» Exercise prompt: Print the records below exactly, leaving out nothing.

Extracted data entries
lemma count_value_below_iff:
  assumes fin: "\<And>x. x < u \<Longrightarrow> finite (arrivals_until J x)"
  shows "count_value_below J u n \<longleftrightarrow> (\<exists>x<u. card (arrivals_until J x) = n)"
proof
  assume "count_value_below J u n"
  then show "\<exists>x<u. card (arrivals_until J x) = n"
    unfolding count_value_below_def by auto
next
  assume "\<exists>x<u. card (arrivals_until J x) = n"
  then obtain x where x: "x < u" "card (arrivals_until J x) = n" by blast
  show "count_value_below J u n"
  proof (cases "arrivals_until J x = {}")
    case True
    obtain q :: rat where q: "x - 1 < of_rat q" "of_rat q < x"
      using of_rat_dense[of "x - 1" x] by auto
    then have "arrivals_until J (of_rat q) = {}"
      using True arrivals_until_mono[of "of_rat q" x J] by auto
    then show ?thesis
      using True q x unfolding count_value_below_def by (intro disjI1 exI[of _ q]) auto
  next
    case False
    have fx: "finite (arrivals_until J x)" using fin x(1) .
    have "Max (J ` arrivals_until J x) \<in> J ` arrivals_until J x"
      using False fx by (intro Max_in) auto
    then obtain k where k: "k \<in> arrivals_until J x" "J k = Max (J ` arrivals_until J x)"
      by auto
    have "J k' \<le> J k" if "k' \<in> arrivals_until J x" for k'
      using k(2) Max_ge[of "J ` arrivals_until J x" "J k'"] fx that by simp
    then have "arrivals_until J (J k) = arrivals_until J x"
      using k(1) by (auto simp: arrivals_until_def)
    moreover have "1 \<le> k" "J k < u"
      using k(1) x(1) by (auto simp: arrivals_until_def)
    ultimately show ?thesis
      using x(2) unfolding count_value_below_def by (intro disjI2 exI[of _ k]) simp
  qed
qed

» Expected answer:
lemma count_value_below_iff:
  assumes fin: "\<And>x. x < u \<Longrightarrow> finite (arrivals_until J x)"
  shows "count_value_below J u n \<longleftrightarrow> (\<exists>x<u. card (arrivals_until J x) = n)"
proof
  assume "count_value_below J u n"
  then show "\<exists>x<u. card (arrivals_until J x) = n"
    unfolding count_value_below_def by auto
next
  assume "\<exists>x<u. card (arrivals_until J x) = n"
  then obtain x where x: "x < u" "card (arrivals_until J x) = n" by blast
  show "count_value_below J u n"
  proof (cases "arrivals_until J x = {}")
    case True
    obtain q :: rat where q: "x - 1 < of_rat q" "of_rat q < x"
      using of_rat_dense[of "x - 1" x] by auto
    then have "arrivals_until J (of_rat q) = {}"
      using True arrivals_until_mono[of "of_rat q" x J] by auto
    then show ?thesis
      using True q x unfolding count_value_below_def by (intro disjI1 exI[of _ q]) auto
  next
    case False
    have fx: "finite (arrivals_until J x)" using fin x(1) .
    have "Max (J ` arrivals_until J x) \<in> J ` arrivals_until J x"
      using False fx by (intro Max_in) auto
    then obtain k where k: "k \<in> arrivals_until J x" "J k = Max (J ` arrivals_until J x)"
      by auto
    have "J k' \<le> J k" if "k' \<in> arrivals_until J x" for k'
      using k(2) Max_ge[of "J ` arrivals_until J x" "J k'"] fx that by simp
    then have "arrivals_until J (J k) = arrivals_until J x"
      using k(1) by (auto simp: arrivals_until_def)
    moreover have "1 \<le> k" "J k < u"
      using k(1) x(1) by (auto simp: arrivals_until_def)
    ultimately show ?thesis
      using x(2) unfolding count_value_below_def by (intro disjI2 exI[of _ k]) simp
  qed
qed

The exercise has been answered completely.